• **EXERCISE OBJECTIVE**
In the entries below, filter for the word "assms" and copy every matching line.

[Stored data]

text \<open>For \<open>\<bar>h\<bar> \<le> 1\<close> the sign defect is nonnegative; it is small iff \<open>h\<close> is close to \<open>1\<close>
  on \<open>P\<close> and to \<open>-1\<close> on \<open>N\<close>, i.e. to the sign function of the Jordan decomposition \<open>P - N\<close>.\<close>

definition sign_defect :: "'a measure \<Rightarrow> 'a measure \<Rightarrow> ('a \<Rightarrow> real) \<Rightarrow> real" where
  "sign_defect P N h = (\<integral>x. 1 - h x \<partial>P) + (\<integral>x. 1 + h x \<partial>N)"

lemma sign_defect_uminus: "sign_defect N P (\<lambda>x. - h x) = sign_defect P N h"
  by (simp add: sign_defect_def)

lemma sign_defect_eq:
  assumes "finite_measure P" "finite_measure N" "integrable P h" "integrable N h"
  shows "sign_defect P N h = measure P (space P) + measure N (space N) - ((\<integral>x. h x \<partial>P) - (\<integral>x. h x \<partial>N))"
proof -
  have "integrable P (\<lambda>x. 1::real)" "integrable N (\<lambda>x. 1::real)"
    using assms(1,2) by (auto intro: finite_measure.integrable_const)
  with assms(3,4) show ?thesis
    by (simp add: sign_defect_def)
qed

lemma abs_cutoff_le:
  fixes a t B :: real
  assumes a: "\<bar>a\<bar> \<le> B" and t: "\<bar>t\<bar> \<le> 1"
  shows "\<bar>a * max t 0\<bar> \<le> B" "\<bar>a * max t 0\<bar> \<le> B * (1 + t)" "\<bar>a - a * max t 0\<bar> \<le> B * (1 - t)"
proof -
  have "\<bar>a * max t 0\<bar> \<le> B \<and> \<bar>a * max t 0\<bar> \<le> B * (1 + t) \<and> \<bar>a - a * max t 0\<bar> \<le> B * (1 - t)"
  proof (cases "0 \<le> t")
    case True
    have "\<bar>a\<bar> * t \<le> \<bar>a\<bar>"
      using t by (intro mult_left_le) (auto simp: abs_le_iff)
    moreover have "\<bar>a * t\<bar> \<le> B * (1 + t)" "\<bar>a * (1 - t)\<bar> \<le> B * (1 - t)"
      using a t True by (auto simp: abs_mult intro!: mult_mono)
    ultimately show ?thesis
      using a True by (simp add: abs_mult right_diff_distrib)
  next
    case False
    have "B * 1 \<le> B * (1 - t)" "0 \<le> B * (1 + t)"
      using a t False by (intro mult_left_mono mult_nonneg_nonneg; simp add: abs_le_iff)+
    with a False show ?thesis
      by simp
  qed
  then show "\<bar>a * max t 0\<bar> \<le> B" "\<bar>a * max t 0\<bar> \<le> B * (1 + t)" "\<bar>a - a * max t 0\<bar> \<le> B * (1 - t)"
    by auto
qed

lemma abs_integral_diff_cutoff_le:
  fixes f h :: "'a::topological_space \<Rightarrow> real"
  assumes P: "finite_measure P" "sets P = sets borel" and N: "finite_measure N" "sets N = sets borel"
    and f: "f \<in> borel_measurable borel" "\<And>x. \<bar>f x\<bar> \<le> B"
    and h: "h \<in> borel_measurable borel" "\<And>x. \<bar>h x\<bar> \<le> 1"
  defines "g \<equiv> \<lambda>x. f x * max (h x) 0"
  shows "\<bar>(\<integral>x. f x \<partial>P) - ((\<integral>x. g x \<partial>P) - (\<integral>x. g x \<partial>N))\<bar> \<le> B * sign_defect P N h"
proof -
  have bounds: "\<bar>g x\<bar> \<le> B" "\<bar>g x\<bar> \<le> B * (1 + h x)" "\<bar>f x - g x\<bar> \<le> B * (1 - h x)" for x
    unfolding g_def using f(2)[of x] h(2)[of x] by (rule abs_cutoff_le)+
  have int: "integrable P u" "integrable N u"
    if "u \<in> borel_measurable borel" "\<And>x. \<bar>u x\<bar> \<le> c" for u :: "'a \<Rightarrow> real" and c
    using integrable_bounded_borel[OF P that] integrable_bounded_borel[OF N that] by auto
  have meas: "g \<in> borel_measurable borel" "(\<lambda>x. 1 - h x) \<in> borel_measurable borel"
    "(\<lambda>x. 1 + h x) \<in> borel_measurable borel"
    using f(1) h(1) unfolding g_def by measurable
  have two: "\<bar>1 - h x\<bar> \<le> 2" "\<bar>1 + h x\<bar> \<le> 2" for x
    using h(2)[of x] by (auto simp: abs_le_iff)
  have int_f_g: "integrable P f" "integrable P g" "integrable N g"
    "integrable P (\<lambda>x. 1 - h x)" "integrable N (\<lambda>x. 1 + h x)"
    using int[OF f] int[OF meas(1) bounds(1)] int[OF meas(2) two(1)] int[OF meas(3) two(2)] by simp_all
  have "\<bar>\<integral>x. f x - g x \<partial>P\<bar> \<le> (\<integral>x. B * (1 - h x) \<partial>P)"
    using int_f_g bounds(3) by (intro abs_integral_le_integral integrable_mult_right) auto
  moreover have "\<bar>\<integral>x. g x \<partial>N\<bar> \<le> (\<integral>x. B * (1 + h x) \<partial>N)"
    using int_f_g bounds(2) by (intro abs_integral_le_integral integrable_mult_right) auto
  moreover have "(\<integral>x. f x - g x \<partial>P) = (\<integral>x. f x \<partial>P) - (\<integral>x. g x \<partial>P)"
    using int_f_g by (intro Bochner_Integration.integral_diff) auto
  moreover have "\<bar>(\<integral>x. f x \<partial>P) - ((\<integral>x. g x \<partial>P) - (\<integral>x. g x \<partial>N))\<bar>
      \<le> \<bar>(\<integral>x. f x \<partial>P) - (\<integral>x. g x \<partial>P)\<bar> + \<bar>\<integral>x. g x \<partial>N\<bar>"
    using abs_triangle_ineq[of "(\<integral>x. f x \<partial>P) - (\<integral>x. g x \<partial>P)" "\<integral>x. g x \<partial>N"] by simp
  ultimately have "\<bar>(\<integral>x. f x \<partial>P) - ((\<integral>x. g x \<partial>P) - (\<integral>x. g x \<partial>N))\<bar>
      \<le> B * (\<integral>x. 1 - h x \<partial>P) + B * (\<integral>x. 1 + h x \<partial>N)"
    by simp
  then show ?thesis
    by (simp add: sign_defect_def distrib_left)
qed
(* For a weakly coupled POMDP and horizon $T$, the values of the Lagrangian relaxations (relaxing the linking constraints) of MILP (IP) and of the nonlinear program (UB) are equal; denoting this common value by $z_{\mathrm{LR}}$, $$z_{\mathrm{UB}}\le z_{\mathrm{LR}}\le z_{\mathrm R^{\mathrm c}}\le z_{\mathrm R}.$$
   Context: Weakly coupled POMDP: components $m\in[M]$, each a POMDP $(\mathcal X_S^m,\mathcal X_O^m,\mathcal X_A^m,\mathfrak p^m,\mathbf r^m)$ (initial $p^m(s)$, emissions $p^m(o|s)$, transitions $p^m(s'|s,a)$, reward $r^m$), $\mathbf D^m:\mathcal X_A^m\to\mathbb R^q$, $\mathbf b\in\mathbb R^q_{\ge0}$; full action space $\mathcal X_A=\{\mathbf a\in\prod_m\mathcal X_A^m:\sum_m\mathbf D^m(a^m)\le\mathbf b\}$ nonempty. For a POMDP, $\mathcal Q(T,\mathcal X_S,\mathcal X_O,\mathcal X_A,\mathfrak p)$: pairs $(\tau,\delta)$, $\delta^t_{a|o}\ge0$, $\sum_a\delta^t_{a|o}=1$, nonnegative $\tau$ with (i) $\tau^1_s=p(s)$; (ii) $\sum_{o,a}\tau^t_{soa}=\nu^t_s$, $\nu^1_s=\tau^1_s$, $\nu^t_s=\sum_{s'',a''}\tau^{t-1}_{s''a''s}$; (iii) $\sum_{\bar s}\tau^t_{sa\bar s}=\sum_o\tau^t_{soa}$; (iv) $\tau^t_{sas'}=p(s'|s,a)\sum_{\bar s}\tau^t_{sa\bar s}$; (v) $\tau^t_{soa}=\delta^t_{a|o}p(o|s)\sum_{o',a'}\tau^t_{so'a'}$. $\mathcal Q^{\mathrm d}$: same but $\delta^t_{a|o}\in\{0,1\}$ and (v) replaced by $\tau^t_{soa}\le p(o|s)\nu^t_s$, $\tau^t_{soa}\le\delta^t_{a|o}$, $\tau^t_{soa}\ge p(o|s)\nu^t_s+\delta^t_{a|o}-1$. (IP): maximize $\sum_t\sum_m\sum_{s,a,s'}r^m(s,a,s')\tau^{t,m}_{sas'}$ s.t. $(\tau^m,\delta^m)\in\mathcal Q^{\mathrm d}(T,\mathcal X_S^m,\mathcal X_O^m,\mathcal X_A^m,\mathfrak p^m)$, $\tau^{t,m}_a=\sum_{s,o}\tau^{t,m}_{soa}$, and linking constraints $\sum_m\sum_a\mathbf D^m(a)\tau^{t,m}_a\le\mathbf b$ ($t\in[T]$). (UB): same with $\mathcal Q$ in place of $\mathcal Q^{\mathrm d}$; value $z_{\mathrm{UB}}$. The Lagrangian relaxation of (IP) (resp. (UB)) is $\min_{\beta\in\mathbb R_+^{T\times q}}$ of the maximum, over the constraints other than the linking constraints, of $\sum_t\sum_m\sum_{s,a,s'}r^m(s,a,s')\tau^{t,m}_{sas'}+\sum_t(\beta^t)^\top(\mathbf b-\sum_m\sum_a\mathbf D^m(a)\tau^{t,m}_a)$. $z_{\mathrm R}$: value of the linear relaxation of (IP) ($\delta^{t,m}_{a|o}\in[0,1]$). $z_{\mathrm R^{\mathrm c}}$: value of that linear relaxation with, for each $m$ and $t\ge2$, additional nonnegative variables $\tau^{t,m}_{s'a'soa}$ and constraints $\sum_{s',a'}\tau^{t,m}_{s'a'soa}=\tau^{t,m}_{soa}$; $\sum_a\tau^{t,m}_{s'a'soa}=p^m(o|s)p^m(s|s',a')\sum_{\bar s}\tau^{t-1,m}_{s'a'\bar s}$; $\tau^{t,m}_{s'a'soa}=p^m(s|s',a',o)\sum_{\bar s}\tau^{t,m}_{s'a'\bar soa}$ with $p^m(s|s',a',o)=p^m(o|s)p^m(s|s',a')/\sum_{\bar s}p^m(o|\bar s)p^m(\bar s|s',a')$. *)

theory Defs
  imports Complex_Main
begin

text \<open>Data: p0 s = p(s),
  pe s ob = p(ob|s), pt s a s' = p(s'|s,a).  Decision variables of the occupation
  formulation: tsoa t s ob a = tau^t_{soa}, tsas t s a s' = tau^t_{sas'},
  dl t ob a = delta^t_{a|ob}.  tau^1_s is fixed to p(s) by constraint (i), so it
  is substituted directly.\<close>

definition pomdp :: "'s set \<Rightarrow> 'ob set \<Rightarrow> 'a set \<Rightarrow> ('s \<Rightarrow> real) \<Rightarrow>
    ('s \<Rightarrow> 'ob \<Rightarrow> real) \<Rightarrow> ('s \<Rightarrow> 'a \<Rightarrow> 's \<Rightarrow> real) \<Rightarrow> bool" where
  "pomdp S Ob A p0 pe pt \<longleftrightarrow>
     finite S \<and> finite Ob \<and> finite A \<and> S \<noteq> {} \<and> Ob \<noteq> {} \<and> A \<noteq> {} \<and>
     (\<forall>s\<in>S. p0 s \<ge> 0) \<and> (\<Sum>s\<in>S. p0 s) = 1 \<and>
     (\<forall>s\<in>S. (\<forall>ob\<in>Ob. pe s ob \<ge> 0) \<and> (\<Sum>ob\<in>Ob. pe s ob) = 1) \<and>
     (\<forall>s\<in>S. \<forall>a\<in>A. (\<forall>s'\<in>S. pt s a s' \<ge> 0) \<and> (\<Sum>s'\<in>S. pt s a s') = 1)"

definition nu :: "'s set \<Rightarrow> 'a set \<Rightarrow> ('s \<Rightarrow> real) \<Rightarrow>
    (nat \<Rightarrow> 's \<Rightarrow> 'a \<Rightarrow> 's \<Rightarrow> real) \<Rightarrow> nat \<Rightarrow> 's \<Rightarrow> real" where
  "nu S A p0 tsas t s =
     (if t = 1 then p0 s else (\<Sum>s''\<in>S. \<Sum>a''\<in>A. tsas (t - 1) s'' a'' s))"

• **TASK RESPONSE**
    using assms(1,2) by (auto intro: finite_measure.integrable_const)
  with assms(3,4) show ?thesis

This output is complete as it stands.